I use `insert-file-contents-literally' because the non-literally
counterpart is too slow (about twice as much apparently) as it does a
bunch of stuff in addition to simply populate the buffer.
Unfortunately, one of these things is to decode the buffer.

Now instead of hardcoding 'utf-8 I'd like to detect the correct
encoding where possible, so I tried experimenting with
`find-operation-coding-system'. I created a latin-1 file (which gets
recognised properly when I visit it) and tried the following:

(with-temp-buffer
  (setq path "~/tmp/latin-1")
  (insert-file-contents-literally path)
  (find-operation-coding-system
   'insert-file-contents
   (cons path (current-buffer))))

But all I get is (undecided). Now my question is twofold: is this the
best approach for what I'm trying to achieve? And in any case, why
does the latter example does not work as expected? (And hence how I
can detect the coding system programmatically?)

Best,

Andrea

^ permalink raw reply	[flat|nested] 8+ messages in thread

* Re: Detecting the coding system of a file programmatically
  2018-08-10  1:02 Detecting the coding system of a file programmatically Andrea Cardaci
@ 2018-08-10  7:28 ` Eli Zaretskii
  2018-08-10 13:37   ` Andrea Cardaci
  2018-08-10 15:26 ` Stefan Monnier
  2018-08-16 21:27 ` Juri Linkov
  2 siblings, 1 reply; 8+ messages in thread
From: Eli Zaretskii @ 2018-08-10  7:28 UTC (permalink / raw)
  To: Andrea Cardaci; +Cc: emacs-devel

> From: Andrea Cardaci <cyrus.and@gmail.com>
> Date: Fri, 10 Aug 2018 03:02:55 +0200
> 
> (with-temp-buffer
>   (insert-file-contents-literally path)
>   (decode-coding-region (point-min) (point-max) 'utf-8)
>   (... do suff with the buffer ...))
> 
> I use `insert-file-contents-literally' because the non-literally
> counterpart is too slow (about twice as much apparently) as it does a
> bunch of stuff in addition to simply populate the buffer.
> Unfortunately, one of these things is to decode the buffer.
> 
> Now instead of hardcoding 'utf-8 I'd like to detect the correct
> encoding where possible, so I tried experimenting with
> `find-operation-coding-system'.

That's the wrong function to use in this case; you want
decode-coding-inserted-region instead.  Alternatively, you could use
detect-coding-region and then decode-coding-region with the value it
returns.  I suggest a good read of the "Explicit Encoding" and "Lisp
and Coding Systems" nodes of the ELisp manual.

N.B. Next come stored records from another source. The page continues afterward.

lemma cond_exp_cost_to_go_step:
  assumes "i < N" and c_meas: "c i \<in> borel_measurable borel"
    and int: "integrable M (cost_to_go c g i)" "integrable M (cost_to_go c g (Suc i))"
  shows "AE \<omega> in M. real_cond_exp M (state_algebra i) (cost_to_go c g i) \<omega>
                  = c i (state i \<omega>) + real_cond_exp M (state_algebra i) (cost_to_go c g (Suc i)) \<omega>"
proof -
  interpret Gi: sigma_finite_subalgebra M "state_algebra i"
    using \<open>i < N\<close> by (intro sigma_finite_subalgebra_state_algebra) simp
  have split: "cost_to_go c g i \<omega> = c i (state i \<omega>) + cost_to_go c g (Suc i) \<omega>" for \<omega>
    using \<open>i < N\<close> by (simp add: sum.atLeast_Suc_lessThan)
  have int_c: "integrable M (\<lambda>\<omega>. c i (state i \<omega>))"
    using Bochner_Integration.integrable_diff[OF int] by (simp add: split)
  have "AE \<omega> in M. real_cond_exp M (state_algebra i) (\<lambda>\<omega>. c i (state i \<omega>) + cost_to_go c g (Suc i) \<omega>) \<omega>
                  = c i (state i \<omega>) + real_cond_exp M (state_algebra i) (cost_to_go c g (Suc i)) \<omega>"
    using Gi.real_cond_exp_add[OF int_c int(2)]
      Gi.real_cond_exp_F_meas[OF int_c measurable_state_algebra[OF _ c_meas]] \<open>i < N\<close>
    by (auto elim: eventually_mono)
  then show ?thesis by (simp add: split)
qed

lemma cond_exp_backward_step:
  fixes i :: nat and c :: "nat \<Rightarrow> real^'n \<Rightarrow> real" and z :: "real^'n \<Rightarrow> real^'n" and A :: "real^'n \<Rightarrow> real^'n^'n"
  defines "D \<equiv> \<lambda>\<omega>. - c i (state i \<omega>) + z (state i \<omega>) \<bullet> W i \<omega>
                   + 1/2 * trace (A (state i \<omega>) ** (outer (W i \<omega>) (W i \<omega>) - mat 1))"
  assumes "i < N" and c_meas [measurable]: "\<And>k. c k \<in> borel_measurable borel"
    and g_meas [measurable]: "g \<in> borel_measurable borel"
    and z_meas [measurable]: "z \<in> borel_measurable borel"
    and A_meas [measurable]: "A \<in> borel_measurable borel"
    and indep: "indep_vars (\<lambda>_. borel) (\<lambda>k \<omega>. W i \<omega> $ k) UNIV"
    and std: "\<And>k. distributed M lborel (\<lambda>\<omega>. W i \<omega> $ k) (\<lambda>x. ennreal (std_normal_density x))"
    and int: "integrable M (cost_to_go c g i)" "integrable M (cost_to_go c g (Suc i))" "integrable M D"
  shows "AE \<omega> in M. real_cond_exp M (state_algebra i) (cost_to_go c g i) \<omega>
     = real_cond_exp M (state_algebra i)
         (\<lambda>\<omega>. real_cond_exp M (state_algebra (Suc i)) (cost_to_go c g (Suc i)) \<omega> - D \<omega>) \<omega>"
proof -
  interpret Gi: sigma_finite_subalgebra M "state_algebra i"
    using \<open>i < N\<close> by (intro sigma_finite_subalgebra_state_algebra) simp
  interpret Gs: sigma_finite_subalgebra M "state_algebra (Suc i)"
    using \<open>i < N\<close> by (intro sigma_finite_subalgebra_state_algebra) simp
  define I where "I \<omega> = z (state i \<omega>) \<bullet> W i \<omega>
                   + 1/2 * trace (A (state i \<omega>) ** (outer (W i \<omega>) (W i \<omega>) - mat 1))" for \<omega>
  have int_c: "integrable M (\<lambda>\<omega>. c i (state i \<omega>))"
    using Bochner_Integration.integrable_diff[OF int(1,2)] \<open>i < N\<close> by (simp add: sum.atLeast_Suc_lessThan)
  have D_eq: "D = (\<lambda>\<omega>. - c i (state i \<omega>) + I \<omega>)" by (simp add: D_def I_def fun_eq_iff)
  have int_I: "integrable M I"
    using Bochner_Integration.integrable_add[OF int(3) int_c] by (simp add: D_eq)
  have "AE \<omega> in M. real_cond_exp M (state_algebra i) I \<omega> = 0"
    unfolding I_def by (rule cond_exp_ito_correction[OF \<open>i < N\<close> z_meas A_meas indep std int_I[unfolded I_def]])
  then have "AE \<omega> in M. real_cond_exp M (state_algebra i) D \<omega> = - c i (state i \<omega>)"
    using Gi.real_cond_exp_add[OF integrable_minus[OF int_c] int_I]
      Gi.real_cond_exp_F_meas[OF integrable_minus[OF int_c]
        borel_measurable_uminus[OF measurable_state_algebra[OF _ c_meas]]] \<open>i < N\<close>
    unfolding D_eq by (auto elim: eventually_mono)
  moreover have "AE \<omega> in M. real_cond_exp M (state_algebra i)
      (\<lambda>\<omega>. real_cond_exp M (state_algebra (Suc i)) (cost_to_go c g (Suc i)) \<omega> - D \<omega>) \<omega>
      = real_cond_exp M (state_algebra i) (real_cond_exp M (state_algebra (Suc i)) (cost_to_go c g (Suc i))) \<omega>
        - real_cond_exp M (state_algebra i) D \<omega>"
    by (rule Gi.real_cond_exp_diff[OF Gs.real_cond_exp_int(1)[OF int(2)] int(3)])
  ultimately show ?thesis
    using cond_exp_cost_to_go_tower[OF lessI[THEN less_imp_le] Suc_leI[OF \<open>i < N\<close>] c_meas g_meas int(2)]
      cond_exp_cost_to_go_step[OF \<open>i < N\<close> c_meas int(1,2)]
    by eventually_elim simp
qed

> I created a latin-1 file (which gets
> recognised properly when I visit it) and tried the following:
> 
> (with-temp-buffer
>   (setq path "~/tmp/latin-1")
>   (insert-file-contents-literally path)
>   (find-operation-coding-system
>    'insert-file-contents
>    (cons path (current-buffer))))
> 
> But all I get is (undecided).

That's expected: find-operation-coding-system returns the _default_ to
use for the named operation.  It doesn't consider the contents of the
buffer.

> Now my question is twofold: is this the best approach for what I'm
> trying to achieve? And in any case, why does the latter example does
> not work as expected? (And hence how I can detect the coding system
> programmatically?)

I hope I answered all of those questions, if not, please ask more.

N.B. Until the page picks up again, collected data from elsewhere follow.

lemma E_commutator:
  "\<lbrakk>i \<in> {1..N}; j \<in> {1..N}; k \<in> {1..N}; l \<in> {1..N}\<rbrakk> \<Longrightarrow>
   E i j (E k l x) - E k l (E i j x) = (if j = k then E i l x else 0) - (if l = i then E k j x else 0)"
  using gl_rep unfolding gl_rep_def by blast

lemma E_linear: "i \<in> {1..N} \<Longrightarrow> j \<in> {1..N} \<Longrightarrow> Vector_Spaces.linear sc sc (E i j)"
  using gl_rep unfolding gl_rep_def by blast

lemma E_module_hom: "i \<in> {1..N} \<Longrightarrow> j \<in> {1..N} \<Longrightarrow> module_hom sc sc (E i j)"
  by (simp add: E_linear module_hom_iff_linear)

lemma E_add: "i \<in> {1..N} \<Longrightarrow> j \<in> {1..N} \<Longrightarrow> E i j (x + y) = E i j x + E i j y"
  using E_module_hom module_hom.add by blast

lemma E_scale: "i \<in> {1..N} \<Longrightarrow> j \<in> {1..N} \<Longrightarrow> E i j (sc c x) = sc c (E i j x)"
  using E_module_hom module_hom.scale by blast

lemma E_zero: "i \<in> {1..N} \<Longrightarrow> j \<in> {1..N} \<Longrightarrow> E i j 0 = 0"
  using E_module_hom module_hom.zero by blast

lemma E_diff: "i \<in> {1..N} \<Longrightarrow> j \<in> {1..N} \<Longrightarrow> E i j (x - y) = E i j x - E i j y"
  using E_module_hom module_hom.diff by blast

lemma E_sum: "i \<in> {1..N} \<Longrightarrow> j \<in> {1..N} \<Longrightarrow> E i j (sum g A) = (\<Sum>a\<in>A. E i j (g a))"
  using E_module_hom module_hom.sum by blast

lemma generated_by_induct:
  assumes "generated_by sc N E v" and "subspace S" and "v \<in> S"
    and step: "\<And>x i j. x \<in> S \<Longrightarrow> i \<in> {1..N} \<Longrightarrow> j \<in> {1..N} \<Longrightarrow> E i j x \<in> S"
  shows "x \<in> S"
proof -
  have "orbit N E v \<subseteq> S"
  proof
    fix y assume "y \<in> orbit N E v"
    then show "y \<in> S" by induction (use \<open>v \<in> S\<close> step in auto)
  qed
  then have "span (orbit N E v) \<subseteq> S" using \<open>subspace S\<close> by (rule span_minimal)
  then show ?thesis using \<open>generated_by sc N E v\<close> unfolding generated_by_def by auto
qed
lemma std_gauss_density_sum_Basis:
  "std_gauss_density (\<Sum>b\<in>Basis. f b *\<^sub>R b :: real ^ 'n) = (\<Prod>b\<in>Basis. std_normal_density (f b))"
proof -
  have "sqrt (2 * pi) ^ CARD('n) = ((2 * pi) powr (1/2)) powr real CARD('n)"
    by (simp add: powr_half_sqrt powr_realpow)
  then have "(1 / sqrt (2 * pi)) ^ CARD('n) = (2 * pi) powr (- real CARD('n) / 2)"
    by (simp add: power_one_over powr_powr powr_minus_divide)
  moreover have "(\<Prod>b\<in>(Basis :: (real ^ 'n) set). exp (- (f b)\<^sup>2 / 2))
      = exp (- (norm (\<Sum>b\<in>Basis. f b *\<^sub>R b :: real ^ 'n))\<^sup>2 / 2)"
    by (simp add: exp_sum[symmetric] norm_sum_Basis_scaleR_squared sum_negf sum_divide_distrib)
  moreover have "(\<Prod>b\<in>(Basis :: (real ^ 'n) set). std_normal_density (f b))
      = (\<Prod>b\<in>(Basis :: (real ^ 'n) set). 1 / sqrt (2 * pi))
        * (\<Prod>b\<in>(Basis :: (real ^ 'n) set). exp (- (f b)\<^sup>2 / 2))"
    by (subst prod.distrib[symmetric], rule prod.cong) (simp_all add: std_normal_density_def)
  ultimately show ?thesis
    by (simp add: std_gauss_density_def)
qed

lemma nn_integral_std_normal_density: "(\<integral>\<^sup>+x. ennreal (std_normal_density x) \<partial>lborel) = 1"
  using prob_space.emeasure_space_1[OF prob_space_std_normal_measure] by (simp add: emeasure_density)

In any case, it is definitely OK to call decode-coding-region with the
value 'undecided' returned by find-operation-coding-system, because
'undecided' is a special value which signals to decode-coding-region
that detection of the actual encoding is necessary.  Thus, I expect
this to work for you:

  (with-temp-buffer
    (insert-file-contents-literally path)
    (decode-coding-region (point-min) (point-max)
                          (find-operation-coding-system
			    'insert-file-contents
			    (cons path (current-buffer)))))

But I still recommend to use decode-coding-inserted-region, because it
will do all of the above (and slightly more) for you internally.

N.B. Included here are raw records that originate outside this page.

definition arr_mult :: "nat \<Rightarrow> nat \<Rightarrow> (nat \<Rightarrow> hpoly) \<Rightarrow> cvec3 set \<Rightarrow> nat" where
  "arr_mult d k F p = card {i. i < k \<and> p \<in> zero_locus d (F i)}"

definition arr_t :: "nat \<Rightarrow> nat \<Rightarrow> (nat \<Rightarrow> hpoly) \<Rightarrow> nat \<Rightarrow> nat" where
  "arr_t d k F r = card {p \<in> arr_sing d k F. arr_mult d k F p = r}"

text \<open>d-arrangement: k >= 3 distinct smooth curves of degree d >= 1 whose intersection points are
ordinary, i.e. at every common point of two curves their tangent lines are distinct
(gradients not proportional).\<close>
definition d_arrangement :: "nat \<Rightarrow> nat \<Rightarrow> (nat \<Rightarrow> hpoly) \<Rightarrow> bool" where
  "d_arrangement d k F \<longleftrightarrow> d \<ge> 1 \<and> k \<ge> 3 \<and>
     (\<forall>i<k. smooth_curve d (F i)) \<and>
     (\<forall>i<k. \<forall>j<k. i \<noteq> j \<longrightarrow> zero_locus d (F i) \<noteq> zero_locus d (F j)) \<and>
     (\<forall>i<k. \<forall>j<k. \<forall>v. i \<noteq> j \<and> v \<noteq> (0, 0, 0) \<and> heval d (F i) v = 0 \<and> heval d (F j) v = 0
        \<longrightarrow> (\<forall>c. hgrad d (F i) v \<noteq> cscale c (hgrad d (F j) v)))"

definition levi_verts :: "nat \<Rightarrow> nat \<Rightarrow> (nat \<Rightarrow> hpoly) \<Rightarrow> (cvec3 set + nat) set" where
  "levi_verts d k F = Inl ` arr_sing d k F \<union> Inr ` {..<k}"

definition levi_adj :: "nat \<Rightarrow> nat \<Rightarrow> (nat \<Rightarrow> hpoly) \<Rightarrow> (cvec3 set + nat) \<Rightarrow> (cvec3 set + nat) \<Rightarrow> bool" where
  "levi_adj d k F u w \<longleftrightarrow>
     (\<exists>p j. p \<in> arr_sing d k F \<and> j < k \<and> p \<in> zero_locus d (F j) \<and>
        ((u = Inl p \<and> w = Inr j) \<or> (u = Inr j \<and> w = Inl p)))"

definition has_induced_cycle :: "'v set \<Rightarrow> ('v \<Rightarrow> 'v \<Rightarrow> bool) \<Rightarrow> nat \<Rightarrow> bool" where
  "has_induced_cycle V adj n \<longleftrightarrow> n \<ge> 3 \<and>
     (\<exists>vs. length vs = n \<and> distinct vs \<and> set vs \<subseteq> V \<and>
        (\<forall>i<n. \<forall>j<n. adj (vs ! i) (vs ! j) \<longleftrightarrow> (j = Suc i mod n \<or> i = Suc j mod n)))"

end

theory Submission
  imports Defs "HOL-Analysis.Analysis" "Jordan_Normal_Form.Determinant"
    "HOL-Computational_Algebra.Fundamental_Theorem_Algebra" "HOL-Computational_Algebra.Field_as_Ring"
begin

text \<open>Any two plane curves of degree \<open>d \<ge> 1\<close> meet: the resultant of their equations with
  respect to \<open>z\<close> is a binary form of degree \<open>d\<^sup>2\<close> in \<open>x, y\<close>, so it vanishes somewhere on the
  projective line, and above that zero the two curves have a common point. Since the curves of a
  \<open>d\<close>-arrangement meet transversally, their intersection points are isolated, hence finitely many by
  compactness; therefore \<open>t\<^sub>r = 0\<close> for \<open>r > 2\<close> really means that every singular point lies on
  exactly two curves. Choosing \<open>p\<^sub>i \<in> C\<^sub>i \<inter> C\<^sub>i\<^sub>+\<^sub>1\<close> (indices modulo \<open>k\<close>), the vertices
  \<open>C\<^sub>0, p\<^sub>0, C\<^sub>1, p\<^sub>1, \<dots>, C\<^sub>k\<^sub>-\<^sub>1, p\<^sub>k\<^sub>-\<^sub>1\<close> then form an induced cycle of length \<open>2k\<close> in the Levi graph.\<close>

section \<open>Homogeneous forms\<close>

lemma finite_hmonos: "finite (hmonos d)"
proof -
  have "hmonos d \<subseteq> {0..d} \<times> {0..d} \<times> {0..d}" unfolding hmonos_def by auto
  then show ?thesis by (rule finite_subset) auto
qed

lemma heval_cscale: "heval d F (cscale c v) = c ^ d * heval d F v"
proof -
  obtain x y z where v: "v = (x, y, z)" by (cases v)
  have scale: "F (a, b, e) * (c * x) ^ a * (c * y) ^ b * (c * z) ^ e = c ^ d * (F (a, b, e) * x ^ a * y ^ b * z ^ e)"
    if "(a, b, e) \<in> hmonos d" for a b e
  proof -
    have "d = a + b + e" using that by (simp add: hmonos_def)
    then show ?thesis by (simp add: power_mult_distrib power_add mult_ac)
  qed
  then show ?thesis
    unfolding heval_def cscale_def v by (simp add: sum_distrib_left) (intro sum.cong; auto)
qed

lemma cscale_cscale [simp]: "cscale a (cscale c w) = cscale (a * c) w"
  by (cases w) (simp add: cscale_def)

lemma cscale_1 [simp]: "cscale 1 w = w"
  by (cases w) (simp add: cscale_def)

lemma norm_cscale: "norm (cscale c w) = cmod c * norm w"
proof -
  obtain x y z where "w = (x, y, z)" by (cases w)
  then have "norm (cscale c w) ^ 2 = (cmod c * norm w) ^ 2"
    by (simp add: cscale_def norm_Pair norm_mult power_mult_distrib algebra_simps)
  then show ?thesis by (simp add: power2_eq_iff_nonneg)
qed

definition cdot :: "cvec3 \<Rightarrow> cvec3 \<Rightarrow> complex" where
  "cdot a w = fst a * fst w + fst (snd a) * fst (snd w) + snd (snd a) * snd (snd w)"

definition cinner :: "cvec3 \<Rightarrow> cvec3 \<Rightarrow> complex" where
  "cinner u w = cnj (fst u) * fst w + cnj (fst (snd u)) * fst (snd w) + cnj (snd (snd u)) * snd (snd w)"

^ permalink raw reply	[flat|nested] 8+ messages in thread

* Re: Detecting the coding system of a file programmatically
  2018-08-10  7:28 ` Eli Zaretskii
@ 2018-08-10 13:37   ` Andrea Cardaci
  2018-08-10 13:54     ` Eli Zaretskii
  0 siblings, 1 reply; 8+ messages in thread
From: Andrea Cardaci @ 2018-08-10 13:37 UTC (permalink / raw)
  To: Eli Zaretskii; +Cc: Emacs developers

Hi Eli,

Thanks for the thorough reply.

> That's the wrong function to use in this case; you want
> decode-coding-inserted-region instead.

Yes, that works!

> Thus, I expect this to work for you:
>
>   (with-temp-buffer
>     (insert-file-contents-literally path)
>     (decode-coding-region (point-min) (point-max)
>                           (find-operation-coding-system
>                             'insert-file-contents
>                             (cons path (current-buffer)))))

Yes, except that it accepts a single symbol. I also tried directly with:

(decode-coding-region (point-min) (point-max) 'undecided)

which in my use case it resulted in a more snappy performance.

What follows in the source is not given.